Print each line from the start of the records below up through the line where "K \<Longrightarrow> poly_over K (monom" is found, exactly as given.

----------

lemma irreducible_overD:
  assumes "irreducible_over K P"
  shows "poly_over K P" and "P \<noteq> 0"
    and "poly_over K f \<Longrightarrow> poly_over K g \<Longrightarrow> P = f * g \<Longrightarrow> degree f = 0 \<or> degree g = 0"
  using assms by (auto simp: irreducible_over_def poly_over_def)

lemma degree_diff_leading_term_less:
  fixes f g :: "'a::field poly"
  assumes "g \<noteq> 0" and "degree g \<le> degree f"
  defines "h \<equiv> monom (lead_coeff f / lead_coeff g) (degree f - degree g) * g"
  shows "f - h = 0 \<or> degree (f - h) < degree f"
proof -
  have "coeff (f - h) i = 0" if "degree f \<le> i" for i
  proof (cases "i = degree f")
    case True
    then show ?thesis
      using assms by (simp add: h_def coeff_monom_mult)
  next
    case False
    then show ?thesis
      using that assms by (simp add: h_def coeff_monom_mult coeff_eq_0)
  qed
  then show ?thesis
    by (metis leading_coeff_0_iff not_le)
qed

context subfield_set
begin

lemma poly_over_0: "poly_over K 0"
  by (simp add: poly_over_def zero_mem)

lemma poly_over_add: "poly_over K f \<Longrightarrow> poly_over K g \<Longrightarrow> poly_over K (f + g)"
  by (simp add: poly_over_def add_mem)

lemma poly_over_diff: "poly_over K f \<Longrightarrow> poly_over K g \<Longrightarrow> poly_over K (f - g)"
  by (simp add: poly_over_def diff_mem)

lemma poly_over_monom: "c \<in> K \<Longrightarrow> poly_over K (monom c n)"
  by (simp add: poly_over_def zero_mem)

lemma poly_over_pCons: "c \<in> K \<Longrightarrow> poly_over K p \<Longrightarrow> poly_over K (pCons c p)"
  by (simp add: poly_over_def coeff_pCons split: nat.split)

lemma poly_over_monom_mult: "c \<in> K \<Longrightarrow> poly_over K g \<Longrightarrow> poly_over K (monom c n * g)"
  by (simp add: poly_over_def coeff_monom_mult zero_mem mult_mem)

lemma poly_over_div_mod:
  assumes "poly_over K g" and "g \<noteq> 0"
  shows "poly_over K f \<Longrightarrow>
    \<exists>s t. poly_over K s \<and> poly_over K t \<and> f = s * g + t \<and> (t = 0 \<or> degree t < degree g)"
proof (induction "degree f" arbitrary: f rule: less_induct)
  case less
  show ?case
  proof (cases "f = 0 \<or> degree f < degree g")
    case True
    then show ?thesis
      using less.prems poly_over_0 by (intro exI[of _ 0] exI[of _ f]) auto
  next
    case False
    define c where "c = lead_coeff f / lead_coeff g"
    define h where "h = monom c (degree f - degree g) * g"
    have c: "c \<in> K"
      using less.prems assms(1) by (simp add: c_def poly_over_def divide_mem)
    have h: "poly_over K h"
      unfolding h_def using c assms(1) by (rule poly_over_monom_mult)
    consider "f - h = 0" | "degree (f - h) < degree f"
      using degree_diff_leading_term_less[OF assms(2), of f] False by (auto simp: h_def c_def)
    then show ?thesis
    proof cases
      case 1
      then have "f = monom c (degree f - degree g) * g + 0"
        by (simp add: h_def)
      then show ?thesis
        using poly_over_monom[OF c] poly_over_0 by blast
    next
      case 2
      then obtain s t where st: "poly_over K s" "poly_over K t" "f - h = s * g + t"
          "t = 0 \<or> degree t < degree g"
        using less.hyps poly_over_diff[OF less.prems h] by blast
      then have "f = (s + monom c (degree f - degree g)) * g + t"
        by (simp add: h_def algebra_simps)
      then show ?thesis
        using st poly_over_add[OF st(1) poly_over_monom[OF c]] by blast
    qed
  qed
qed

lemma degree_le_if_root_of_irreducible:
  assumes irr: "irreducible_over K P" and "poly P \<gamma> = 0"
    and "poly_over K Q" "Q \<noteq> 0" "poly Q \<gamma> = 0"
  shows "degree P \<le> degree Q"
proof -
  let ?annihilates = "\<lambda>R. poly_over K R \<and> R \<noteq> 0 \<and> poly R \<gamma> = 0"
  obtain R where R: "?annihilates R" and min: "\<And>S. ?annihilates S \<Longrightarrow> degree R \<le> degree S"
    using ex_has_least_nat[of ?annihilates Q degree] assms(3-5) by blast
  \<comment> \<open>\<open>R\<close> is a minimal polynomial of \<open>\<gamma>\<close> over \<open>K\<close>; it divides \<open>P\<close>, so \<open>P\<close> is a unit times \<open>R\<close>.\<close>
  obtain s t where st: "poly_over K s" "poly_over K t" "P = s * R + t"
      "t = 0 \<or> degree t < degree R"
    using poly_over_div_mod R irreducible_overD(1)[OF irr] by blast
  have "poly t \<gamma> = 0"
    using st(3) R \<open>poly P \<gamma> = 0\<close> by (metis add_0 mult_zero_right poly_add poly_mult)
  then have "t = 0"
    using st(2,4) min by (meson leD)
  then have P: "P = s * R"
    using st(3) by simp
  have "degree R \<noteq> 0"
  proof
    assume "degree R = 0"
    then obtain c where "R = [:c:]"
      by (rule degree_eq_zeroE)
    with R show False
      by simp
  qed
  then have "degree s = 0"
    using irreducible_overD(3)[OF irr st(1), of R] R P by auto
  then have "degree P = degree R"
    using P irreducible_overD(2)[OF irr] by (auto simp: degree_mult_eq)
  then show ?thesis
    using min assms(3-5) by simp
qed

lemma poly_eq_if_poly_eq_at_root_of_irreducible:
  assumes "irreducible_over K P" and "poly P \<gamma> = 0"
    and "poly_over K f" "poly_over K g" "degree f < degree P" "degree g < degree P"
    and "poly f \<gamma> = poly g \<gamma>"
  shows "f = g"
proof (rule ccontr)
  assume "f \<noteq> g"
  then have "degree P \<le> degree (f - g)"
    using assms by (intro degree_le_if_root_of_irreducible) (auto intro: poly_over_diff)
  moreover have "degree (f - g) < degree P"
    using assms(5,6) by (rule degree_diff_less)
  ultimately show False
    by simp
qed

end

definition product_poly :: "nat \<Rightarrow> 'a::comm_ring_1 \<Rightarrow> 'a \<Rightarrow> 'a \<Rightarrow> 'a \<Rightarrow> 'a \<Rightarrow> 'a \<Rightarrow> 'a poly" where
  "product_poly l a u A b v B =
     [:a * b, a * v + b * u, u * v:] + monom (a * B + b * A) l + monom (u * B + v * A) (l + 1)
     + monom (A * B) (2 * l)"

lemma poly_product_poly:
  "poly (product_poly l a u A b v B) x = (a + u * x + A * x ^ l) * (b + v * x + B * x ^ l)"
  by (simp add: product_poly_def poly_monom algebra_simps power_add power_mult power2_eq_square)

lemma degree_product_poly:
  assumes "2 \<le> l"
  shows "degree (product_poly l a u A b v B) \<le> 2 * l"
  unfolding product_poly_def using assms
  by (intro degree_add_le order.trans[OF degree_monom_le] order.trans[OF degree_pCons_le])
    (auto intro: order.trans[OF degree_pCons_le])

lemma coeff_product_poly:
  assumes "2 \<le> l"
  shows "coeff (product_poly l a u A b v B) 0 = a * b"
    and "coeff (product_poly l a u A b v B) 1 = a * v + b * u"
    and "coeff (product_poly l a u A b v B) 2 = u * v + (if l = 2 then a * B + b * A else 0)"
    and "coeff (product_poly l a u A b v B) (l + 1) = u * B + v * A"
  using assms by (auto simp: product_poly_def coeff_monom coeff_pCons numeral_2_eq_2 split: nat.split)

lemma (in subfield_set) poly_over_product_poly:
  assumes "a \<in> K" "u \<in> K" "A \<in> K" "b \<in> K" "v \<in> K" "B \<in> K"
  shows "poly_over K (product_poly l a u A b v B)"
  unfolding product_poly_def
  by (intro poly_over_add poly_over_monom poly_over_pCons poly_over_0 add_mem mult_mem assms)

section \<open>The space of twisted elements\<close>

lemma eq_or_eq_if_sum_prod_eq:
  fixes x y x' y' :: "'a::idom"
  assumes "x + y = x' + y'" and "x * y = x' * y'"
  shows "x = x' \<or> x = y'"
proof -
  have "(x - x') * (x - y') = x * (x + y - (x' + y')) - (x * y - x' * y')"
    by (simp add: algebra_simps)
  also have "\<dots> = 0"
    using assms by simp
  finally show ?thesis
    by simp
qed

locale twisted_elements = fixed_subfield F q for F :: "'a::field set" and q +
  fixes \<delta> \<gamma> :: 'a and l :: nat
  assumes power_q_add: "\<And>x y :: 'a. (x + y) ^ q = x ^ q + y ^ q"
begin

definition twist :: "'a \<Rightarrow> 'a" where
  "twist u = u ^ q + \<delta> * u"

definition elem :: "'a \<Rightarrow> 'a \<Rightarrow> 'a" where
  "elem a u = a + u * \<gamma> + twist u * \<gamma> ^ l"

lemma twist_add: "twist (u + v) = twist u + twist v"
  by (simp add: twist_def power_q_add algebra_simps)

lemma twist_mult: "t \<in> F \<Longrightarrow> twist (t * u) = t * twist u"
  by (simp add: twist_def power_mult_distrib power_eq_self algebra_simps)

lemma elem_zero: "elem a 0 = a"
  using q_pos by (simp add: elem_def twist_def zero_power)

lemma elem_add: "elem a u + elem b v = elem (a + b) (u + v)"
  by (simp add: elem_def twist_add algebra_simps)

lemma elem_mult: "t \<in> F \<Longrightarrow> t * elem a u = elem (t * a) (t * u)"
  by (simp add: elem_def twist_mult algebra_simps)

lemma twist_lincomb: "a \<in> F \<Longrightarrow> b \<in> F \<Longrightarrow> twist (a * v + b * u) = a * twist v + b * twist u"
  by (simp add: twist_add twist_mult)

lemma multiples_elem_pair_eq_if_zero:
  assumes "a \<in> F" "b \<in> F" "a' \<in> F" and "a \<noteq> 0" "a' \<noteq> 0"
    and "a * b = a' * b'" and "a * v = a' * v'"
  shows "{multiples (elem a 0), multiples (elem b v)} =
    {multiples (elem a' 0), multiples (elem b' v')}"
proof -
  define t where "t = a / a'"
  have t: "t \<in> F" "t \<noteq> 0"
    using assms by (simp_all add: t_def divide_mem)
  have "b' = t * b" and "v' = t * v"
    using assms by (simp_all add: t_def field_simps)
  then have "elem b' v' = t * elem b v"
    by (simp add: elem_mult[OF t(1)])
  moreover have "elem a 0 = t * elem a' 0"
    using \<open>a' \<noteq> 0\<close> by (simp add: elem_zero t_def)
  ultimately show ?thesis
    using multiples_mult[OF t] by simp
qed

lemma multiples_elem_pair_eq_if_first_zero:
  assumes F: "a \<in> F" "b \<in> F" "a' \<in> F" "b' \<in> F"
    and coeff0: "a * b = a' * b'" and coeff1: "a * v + b * u = a' * v' + b' * u'"
    and "u = 0" and "u' = 0 \<or> v' = 0"
    and nonzero: "a \<noteq> 0" "elem a' u' \<noteq> 0" "elem b' v' \<noteq> 0"
  shows "{multiples (elem a u), multiples (elem b v)} =
    {multiples (elem a' u'), multiples (elem b' v')}"
proof (cases "u' = 0")
  case True
  then have "a' \<noteq> 0"
    using nonzero(2) by (simp add: elem_zero)
  with True \<open>u = 0\<close> show ?thesis
    using multiples_elem_pair_eq_if_zero[OF F(1-3) \<open>a \<noteq> 0\<close>] coeff0 coeff1 by simp
next
  case False
  then have "v' = 0"
    using \<open>u' = 0 \<or> v' = 0\<close> by simp
  then have "b' \<noteq> 0"
    using nonzero(3) by (simp add: elem_zero)
  moreover have "a * b = b' * a'" "a * v = b' * u'"
    using coeff0 coeff1 \<open>u = 0\<close> \<open>v' = 0\<close> by (simp_all add: ac_simps)
  ultimately have "{multiples (elem a 0), multiples (elem b v)} =
      {multiples (elem b' 0), multiples (elem a' u')}"
    by (rule multiples_elem_pair_eq_if_zero[OF F(1,2,4) \<open>a \<noteq> 0\<close>])
  with \<open>u = 0\<close> \<open>v' = 0\<close> show ?thesis
    by (simp add: insert_commute)
qed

----------

▸ **Output for this exercise**:
lemma irreducible_overD:
  assumes "irreducible_over K P"
  shows "poly_over K P" and "P \<noteq> 0"
    and "poly_over K f \<Longrightarrow> poly_over K g \<Longrightarrow> P = f * g \<Longrightarrow> degree f = 0 \<or> degree g = 0"
  using assms by (auto simp: irreducible_over_def poly_over_def)

lemma degree_diff_leading_term_less:
  fixes f g :: "'a::field poly"
  assumes "g \<noteq> 0" and "degree g \<le> degree f"
  defines "h \<equiv> monom (lead_coeff f / lead_coeff g) (degree f - degree g) * g"
  shows "f - h = 0 \<or> degree (f - h) < degree f"
proof -
  have "coeff (f - h) i = 0" if "degree f \<le> i" for i
  proof (cases "i = degree f")
    case True
    then show ?thesis
      using assms by (simp add: h_def coeff_monom_mult)
  next
    case False
    then show ?thesis
      using that assms by (simp add: h_def coeff_monom_mult coeff_eq_0)
  qed
  then show ?thesis
    by (metis leading_coeff_0_iff not_le)
qed

context subfield_set
begin

lemma poly_over_0: "poly_over K 0"
  by (simp add: poly_over_def zero_mem)

lemma poly_over_add: "poly_over K f \<Longrightarrow> poly_over K g \<Longrightarrow> poly_over K (f + g)"
  by (simp add: poly_over_def add_mem)

lemma poly_over_diff: "poly_over K f \<Longrightarrow> poly_over K g \<Longrightarrow> poly_over K (f - g)"
  by (simp add: poly_over_def diff_mem)

lemma poly_over_monom: "c \<in> K \<Longrightarrow> poly_over K (monom c n)"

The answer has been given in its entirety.